Nothing outside the stretch is wanted. Repeat exactly the lines of the listing below from the one that contains "(Second r) b1" through the one that contains "(TSet b1) \<Longrightarrow>", both ends included.
=== DATASET RECORDS ===
(* In the language $\mathcal{R}\Pi$ described in the context, if $\vdash r : b_1\;R\;b_2$ and $\vdash s : S\,b_1$, then the set obtained by evaluating $r\,\overline{@}\,s$ has type $S\,b_2$, i.e. $\vdash r\,\overline{@}\,s : S\,b_2$.
   Context: Base language $\Pi$: types $b ::= 0\mid 1\mid b+b\mid b\times b\mid \mathit{bool}$ with values $(),\ \mathit{left}\,v,\ \mathit{right}\,v,\ (v,v),\ \mathtt{T},\mathtt{F}$ typed in the usual way ($()$:1, injections into sums, pairs into products, $\mathtt{T},\mathtt{F}:\mathit{bool}$), and reversible combinators $c : b_1\leftrightarrow b_2$ (built from primitive type isomorphisms for unit, commutativity and associativity of $+$ and $\times$, distributivity, $0\times b\leftrightarrow 0$, and $\mathit{bool}\leftrightarrow 1+1$, closed under sequential composition and $\oplus,\otimes$), each acting as a bijection on values: $c\,v\mapsto c(v)$ with $c(v):b_2$ whenever $v:b_1$; in particular $\mathit{uniti}_\times : b\leftrightarrow 1\times b$ maps $v\mapsto((),v)$, $\mathit{swap}_\times$ maps $(v_1,v_2)\mapsto(v_2,v_1)$, etc. $\mathcal{R}\Pi$ extends types with $S\,b$ (sets of values of type $b$) and $b_1\,R\,b_2$ (relations), and values with set terms $s ::= \emptyset \mid \{v\}\mid s\uplus s$ ($\uplus$ is exclusive union: elements occurring in both operands cancel), typed: $\emptyset : S\,b$; $\{v\}:S\,b$ if $v:b$; $s_1\uplus s_2 : S\,b$ if $s_1,s_2:S\,b$. Relations $r ::= \mathit{arr}\,c \mid r\ggg r\mid \mathit{second}\,r\mid \mathit{strength}\mid \mathit{state}\,s\mid \eta_b\mid\varepsilon$ typed: $\mathit{arr}\,c : b_1\,R\,b_2$ if $c : b_1\leftrightarrow b_2$; $r_1\ggg r_2 : b_1\,R\,b_3$ if $r_1:b_1\,R\,b_2$, $r_2 : b_2\,R\,b_3$; $\mathit{second}\,r : (b\times b_1)\,R\,(b\times b_2)$ if $r:b_1\,R\,b_2$; $\mathit{state}\,s : 1\,R\,b$ if $s : S\,b$; $\mathit{strength} : (b_1\times S\,b_2)\,R\,(b_1\times b_2)$; $\eta_b : 1\,R\,(b\times b)$; $\varepsilon : (b\times b)\,R\,1$. Evaluation: $r\,\overline{@}\,\emptyset\mapsto\emptyset$; $r\,\overline{@}\,\{v\}\mapsto r\,@\,v$; $r\,\overline{@}\,(s_1\uplus s_2)\mapsto (r\,\overline{@}\,s_1)\uplus(r\,\overline{@}\,s_2)$; and $(\mathit{arr}\,c)\,@\,v\mapsto\{c(v)\}$; $(r_1\ggg r_2)\,@\,v\mapsto r_2\,\overline{@}\,(r_1\,@\,v)$; $(\mathit{second}\,r)\,@\,(v_1,v_2)\mapsto \mathit{strength}\,@\,(v_1, r\,@\,v_2)$; $\mathit{strength}\,@\,(v,\emptyset)\mapsto\emptyset$; $\mathit{strength}\,@\,(v_1,\{v_2\})\mapsto\{(v_1,v_2)\}$; $\mathit{strength}\,@\,(v,s_1\uplus s_2)\mapsto \mathit{strength}\,@\,(v,s_1)\uplus\mathit{strength}\,@\,(v,s_2)$; $(\mathit{state}\,s)\,@\,()\mapsto s$; $\eta_b\,@\,()\mapsto \biguplus_i\{(v_i,v_i)\}$ where $v_i$ ranges over all (finitely many) values of type $b$; $\varepsilon\,@\,(v,v)\mapsto\{()\}$; $\varepsilon\,@\,(v,v')\mapsto\emptyset$ if $v\neq v'$. *)

theory Defs
  imports Main
begin

datatype ty = TZero | TOne | TPlus ty ty | TTimes ty ty | TBool | TSet ty

datatype val =
    VUnit
  | VLeft val
  | VRight val
  | VPair val val
  | VT
  | VF
  | SEmpty
  | SSingle val
  | SUnion val val  (* exclusive union s1 \<uplus> s2 *)

inductive vtyp :: "val \<Rightarrow> ty \<Rightarrow> bool" where
  vt_unit:   "vtyp VUnit TOne"
| vt_left:   "vtyp v b1 \<Longrightarrow> vtyp (VLeft v) (TPlus b1 b2)"
| vt_right:  "vtyp v b2 \<Longrightarrow> vtyp (VRight v) (TPlus b1 b2)"
| vt_pair:   "vtyp v1 b1 \<Longrightarrow> vtyp v2 b2 \<Longrightarrow> vtyp (VPair v1 v2) (TTimes b1 b2)"
| vt_T:      "vtyp VT TBool"
| vt_F:      "vtyp VF TBool"
| vt_empty:  "vtyp SEmpty (TSet b)"
| vt_single: "vtyp v b \<Longrightarrow> vtyp (SSingle v) (TSet b)"
| vt_union:  "vtyp s1 (TSet b) \<Longrightarrow> vtyp s2 (TSet b) \<Longrightarrow> vtyp (SUnion s1 s2) (TSet b)"

datatype comb =
    CId
  | UniteP | UnitiP | SwapP | AssoclP | AssocrP
  | UniteT | UnitiT | SwapT | AssoclT | AssocrT
  | Dist | Factor | Absorb | Factorz
  | BoolTo | BoolFrom
  | CSeq comb comb
  | CPlus comb comb
  | CTimes comb comb

inductive ctyp :: "comb \<Rightarrow> ty \<Rightarrow> ty \<Rightarrow> bool" where
  ct_id:      "ctyp CId b b"
| ct_uniteP:  "ctyp UniteP (TPlus TZero b) b"
| ct_unitiP:  "ctyp UnitiP b (TPlus TZero b)"
| ct_swapP:   "ctyp SwapP (TPlus b1 b2) (TPlus b2 b1)"
| ct_assoclP: "ctyp AssoclP (TPlus b1 (TPlus b2 b3)) (TPlus (TPlus b1 b2) b3)"
| ct_assocrP: "ctyp AssocrP (TPlus (TPlus b1 b2) b3) (TPlus b1 (TPlus b2 b3))"
| ct_uniteT:  "ctyp UniteT (TTimes TOne b) b"
| ct_unitiT:  "ctyp UnitiT b (TTimes TOne b)"
| ct_swapT:   "ctyp SwapT (TTimes b1 b2) (TTimes b2 b1)"
| ct_assoclT: "ctyp AssoclT (TTimes b1 (TTimes b2 b3)) (TTimes (TTimes b1 b2) b3)"
| ct_assocrT: "ctyp AssocrT (TTimes (TTimes b1 b2) b3) (TTimes b1 (TTimes b2 b3))"
| ct_dist:    "ctyp Dist (TTimes (TPlus b1 b2) b3) (TPlus (TTimes b1 b3) (TTimes b2 b3))"
| ct_factor:  "ctyp Factor (TPlus (TTimes b1 b3) (TTimes b2 b3)) (TTimes (TPlus b1 b2) b3)"
| ct_absorb:  "ctyp Absorb (TTimes TZero b) TZero"
| ct_factorz: "ctyp Factorz TZero (TTimes TZero b)"
| ct_boolto:  "ctyp BoolTo TBool (TPlus TOne TOne)"
| ct_boolfrom:"ctyp BoolFrom (TPlus TOne TOne) TBool"
| ct_seq:     "ctyp c1 b1 b2 \<Longrightarrow> ctyp c2 b2 b3 \<Longrightarrow> ctyp (CSeq c1 c2) b1 b3"
| ct_plus:    "ctyp c1 b1 b3 \<Longrightarrow> ctyp c2 b2 b4 \<Longrightarrow> ctyp (CPlus c1 c2) (TPlus b1 b2) (TPlus b3 b4)"
| ct_times:   "ctyp c1 b1 b3 \<Longrightarrow> ctyp c2 b2 b4 \<Longrightarrow> ctyp (CTimes c1 c2) (TTimes b1 b2) (TTimes b3 b4)"

inductive cstep :: "comb \<Rightarrow> val \<Rightarrow> val \<Rightarrow> bool" where
  cs_id:       "cstep CId v v"
| cs_uniteP:   "cstep UniteP (VRight v) v"
| cs_unitiP:   "cstep UnitiP v (VRight v)"
| cs_swapP1:   "cstep SwapP (VLeft v) (VRight v)"
| cs_swapP2:   "cstep SwapP (VRight v) (VLeft v)"
| cs_assoclP1: "cstep AssoclP (VLeft v) (VLeft (VLeft v))"
| cs_assoclP2: "cstep AssoclP (VRight (VLeft v)) (VLeft (VRight v))"
| cs_assoclP3: "cstep AssoclP (VRight (VRight v)) (VRight v)"
| cs_assocrP1: "cstep AssocrP (VLeft (VLeft v)) (VLeft v)"
| cs_assocrP2: "cstep AssocrP (VLeft (VRight v)) (VRight (VLeft v))"
| cs_assocrP3: "cstep AssocrP (VRight v) (VRight (VRight v))"
| cs_uniteT:   "cstep UniteT (VPair VUnit v) v"
| cs_unitiT:   "cstep UnitiT v (VPair VUnit v)"
| cs_swapT:    "cstep SwapT (VPair v1 v2) (VPair v2 v1)"
| cs_assoclT:  "cstep AssoclT (VPair v1 (VPair v2 v3)) (VPair (VPair v1 v2) v3)"
| cs_assocrT:  "cstep AssocrT (VPair (VPair v1 v2) v3) (VPair v1 (VPair v2 v3))"
| cs_dist1:    "cstep Dist (VPair (VLeft v1) v3) (VLeft (VPair v1 v3))"
| cs_dist2:    "cstep Dist (VPair (VRight v2) v3) (VRight (VPair v2 v3))"
| cs_factor1:  "cstep Factor (VLeft (VPair v1 v3)) (VPair (VLeft v1) v3)"
| cs_factor2:  "cstep Factor (VRight (VPair v2 v3)) (VPair (VRight v2) v3)"
| cs_boolto1:  "cstep BoolTo VT (VLeft VUnit)"
| cs_boolto2:  "cstep BoolTo VF (VRight VUnit)"
| cs_boolfrom1:"cstep BoolFrom (VLeft VUnit) VT"
| cs_boolfrom2:"cstep BoolFrom (VRight VUnit) VF"
| cs_seq:      "cstep c1 v v1 \<Longrightarrow> cstep c2 v1 v2 \<Longrightarrow> cstep (CSeq c1 c2) v v2"
| cs_plus1:    "cstep c1 v v' \<Longrightarrow> cstep (CPlus c1 c2) (VLeft v) (VLeft v')"
| cs_plus2:    "cstep c2 v v' \<Longrightarrow> cstep (CPlus c1 c2) (VRight v) (VRight v')"
| cs_times:    "cstep c1 v1 v1' \<Longrightarrow> cstep c2 v2 v2' \<Longrightarrow>
                cstep (CTimes c1 c2) (VPair v1 v2) (VPair v1' v2')"

datatype rel =
    Arr comb
  | RSeq rel rel
  | Second rel
  | Strength
  | State val
  | Eta ty
  | Eps

inductive rtyp :: "rel \<Rightarrow> ty \<Rightarrow> ty \<Rightarrow> bool" where
  rt_arr:      "ctyp c b1 b2 \<Longrightarrow> rtyp (Arr c) b1 b2"
| rt_seq:      "rtyp r1 b1 b2 \<Longrightarrow> rtyp r2 b2 b3 \<Longrightarrow> rtyp (RSeq r1 r2) b1 b3"
| rt_second:   "rtyp r b1 b2 \<Longrightarrow> rtyp (Second r) (TTimes b b1) (TTimes b b2)"
| rt_state:    "vtyp s (TSet b) \<Longrightarrow> rtyp (State s) TOne b"
| rt_strength: "rtyp Strength (TTimes b1 (TSet b2)) (TTimes b1 b2)"
| rt_eta:      "rtyp (Eta b) TOne (TTimes b b)"
| rt_eps:      "rtyp Eps (TTimes b b) TOne"

fun big_union :: "val list \<Rightarrow> val" where
  "big_union [] = SEmpty"
| "big_union [s] = s"
| "big_union (s # ss) = SUnion s (big_union ss)"

text \<open>Big-step evaluation: evalS r s t means r @bar s \<mapsto> t, evalV r v t means r @ v \<mapsto> t.\<close>

inductive evalS :: "rel \<Rightarrow> val \<Rightarrow> val \<Rightarrow> bool"
      and evalV :: "rel \<Rightarrow> val \<Rightarrow> val \<Rightarrow> bool" where
  es_empty:  "evalS r SEmpty SEmpty"
| es_single: "evalV r v t \<Longrightarrow> evalS r (SSingle v) t"
| es_union:  "evalS r s1 t1 \<Longrightarrow> evalS r s2 t2 \<Longrightarrow> evalS r (SUnion s1 s2) (SUnion t1 t2)"
| ev_arr:    "cstep c v v' \<Longrightarrow> evalV (Arr c) v (SSingle v')"
| ev_seq:    "evalV r1 v s \<Longrightarrow> evalS r2 s t \<Longrightarrow> evalV (RSeq r1 r2) v t"
| ev_second: "evalV r v2 s \<Longrightarrow> evalV Strength (VPair v1 s) t \<Longrightarrow> evalV (Second r) (VPair v1 v2) t"
| ev_str_empty:  "evalV Strength (VPair v SEmpty) SEmpty"
| ev_str_single: "evalV Strength (VPair v1 (SSingle v2)) (SSingle (VPair v1 v2))"
| ev_str_union:  "evalV Strength (VPair v s1) t1 \<Longrightarrow> evalV Strength (VPair v s2) t2 \<Longrightarrow>
                  evalV Strength (VPair v (SUnion s1 s2)) (SUnion t1 t2)"
| ev_state:  "evalV (State s) VUnit s"
| ev_eta:    "set vs = {v. vtyp v b} \<Longrightarrow> distinct vs \<Longrightarrow>
              evalV (Eta b) VUnit (big_union (map (\<lambda>v. SSingle (VPair v v)) vs))"
| ev_eps_eq: "evalV Eps (VPair v v) (SSingle VUnit)"
| ev_eps_ne: "v \<noteq> v' \<Longrightarrow> evalV Eps (VPair v v') SEmpty"

end

theory Submission
  imports Defs
begin

text \<open>Subject reduction, proved by simultaneous rule induction over evaluation of a relation on a
  set and on a single value, with the types generalised; the only case leaving the language of
  relations is \<open>Arr c\<close>, which rests on type preservation for the combinator semantics of \<open>\<Pi>\<close>.\<close>

inductive_cases vtyp_VLeftE: "vtyp (VLeft v) b"
inductive_cases vtyp_VRightE: "vtyp (VRight v) b"
inductive_cases vtyp_VPairE: "vtyp (VPair v1 v2) b"
inductive_cases vtyp_SSingleE: "vtyp (SSingle v) b"
inductive_cases vtyp_SUnionE: "vtyp (SUnion s1 s2) b"
inductive_cases vtyp_VUnitE: "vtyp VUnit b"
inductive_cases vtyp_VTE: "vtyp VT b"
inductive_cases vtyp_VFE: "vtyp VF b"
inductive_cases ctyp_CSeqE: "ctyp (CSeq c1 c2) b1 b2"
inductive_cases ctyp_CPlusE: "ctyp (CPlus c1 c2) b1 b2"
inductive_cases ctyp_CTimesE: "ctyp (CTimes c1 c2) b1 b2"

lemma cstep_preserves_vtyp:
  assumes "cstep c v v'" and "ctyp c b1 b2" and "vtyp v b1"
  shows "vtyp v' b2"
  using assms
proof (induction arbitrary: b1 b2 rule: cstep.induct)
  case (cs_seq c1 v v1 c2 v2)
  then show ?case by (blast elim: ctyp_CSeqE)
next
  case (cs_plus1 c1 v v' c2)
  then show ?case by (blast elim: ctyp_CPlusE vtyp_VLeftE intro: vt_left)
next
  case (cs_plus2 c2 v v' c1)
  then show ?case by (blast elim: ctyp_CPlusE vtyp_VRightE intro: vt_right)
next
  case (cs_times c1 v1 v1' c2 v2 v2')
  then show ?case by (blast elim: ctyp_CTimesE vtyp_VPairE intro: vt_pair)
qed (auto elim!: ctyp.cases vtyp_VLeftE vtyp_VRightE vtyp_VPairE vtyp_VUnitE vtyp_VTE vtyp_VFE intro: vtyp.intros)

lemma vtyp_big_union:
  assumes "\<And>s. s \<in> set ss \<Longrightarrow> vtyp s (TSet b)"
  shows "vtyp (big_union ss) (TSet b)"
  using assms by (induction ss rule: big_union.induct) (auto intro: vtyp.intros)

inductive_cases rtyp_ArrE: "rtyp (Arr c) b1 b2"
inductive_cases rtyp_RSeqE: "rtyp (RSeq r1 r2) b1 b2"
inductive_cases rtyp_SecondE: "rtyp (Second r) b1 b2"
inductive_cases rtyp_StrengthE: "rtyp Strength b1 b2"
inductive_cases rtyp_StateE: "rtyp (State s) b1 b2"
inductive_cases rtyp_EtaE: "rtyp (Eta b) b1 b2"
inductive_cases rtyp_EpsE: "rtyp Eps b1 b2"

lemma evalS_evalV_preserve_vtyp:
  shows "evalS r s t \<Longrightarrow> rtyp r b1 b2 \<Longrightarrow> vtyp s (TSet b1) \<Longrightarrow> vtyp t (TSet b2)"
    and "evalV r v t \<Longrightarrow> rtyp r b1 b2 \<Longrightarrow> vtyp v b1 \<Longrightarrow> vtyp t (TSet b2)"
proof (induction arbitrary: b1 b2 and b1 b2 rule: evalS_evalV.inducts)
  case (es_single r v t)
  then show ?case by (blast elim: vtyp_SSingleE)
next
  case (es_union r s1 t1 s2 t2)
  then show ?case by (blast elim: vtyp_SUnionE intro: vt_union)
next
  case (ev_arr c v v')
  then show ?case by (blast elim: rtyp_ArrE intro: vt_single cstep_preserves_vtyp)
next
  case (ev_seq r1 v s r2 t)
  then show ?case by (blast elim: rtyp_RSeqE)
next
  case (ev_second r v2 s v1 t)
  then show ?case by (blast elim: rtyp_SecondE vtyp_VPairE intro: vt_pair rt_strength)
next
  case (ev_str_single v1 v2)
  then show ?case by (blast elim: rtyp_StrengthE vtyp_VPairE vtyp_SSingleE intro: vt_single vt_pair)
next
  case (ev_str_union v s1 t1 s2 t2)
  then show ?case by (blast elim: rtyp_StrengthE vtyp_VPairE vtyp_SUnionE intro: vt_union vt_pair)
next
  case (ev_state s)
  then show ?case by (blast elim: rtyp_StateE)
next
  case (ev_eta vs b)
  then show ?case by (auto elim!: rtyp_EtaE intro!: vtyp_big_union vt_single vt_pair)
next
  case (ev_eps_eq v)
  then show ?case by (blast elim: rtyp_EpsE intro: vt_single vt_unit)
qed (rule vt_empty)+

theorem proposition2:
  assumes "rtyp r b1 b2"
    and "vtyp s (TSet b1)"
    and "evalS r s t"
  shows "vtyp t (TSet b2)"
  using evalS_evalV_preserve_vtyp(1)[OF assms(3,1,2)] .

end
===
» ANSWER TO THE EXERCISE
inductive_cases rtyp_SecondE: "rtyp (Second r) b1 b2"
inductive_cases rtyp_StrengthE: "rtyp Strength b1 b2"
inductive_cases rtyp_StateE: "rtyp (State s) b1 b2"
inductive_cases rtyp_EtaE: "rtyp (Eta b) b1 b2"
inductive_cases rtyp_EpsE: "rtyp Eps b1 b2"

lemma evalS_evalV_preserve_vtyp:
  shows "evalS r s t \<Longrightarrow> rtyp r b1 b2 \<Longrightarrow> vtyp s (TSet b1) \<Longrightarrow> vtyp t (TSet b2)"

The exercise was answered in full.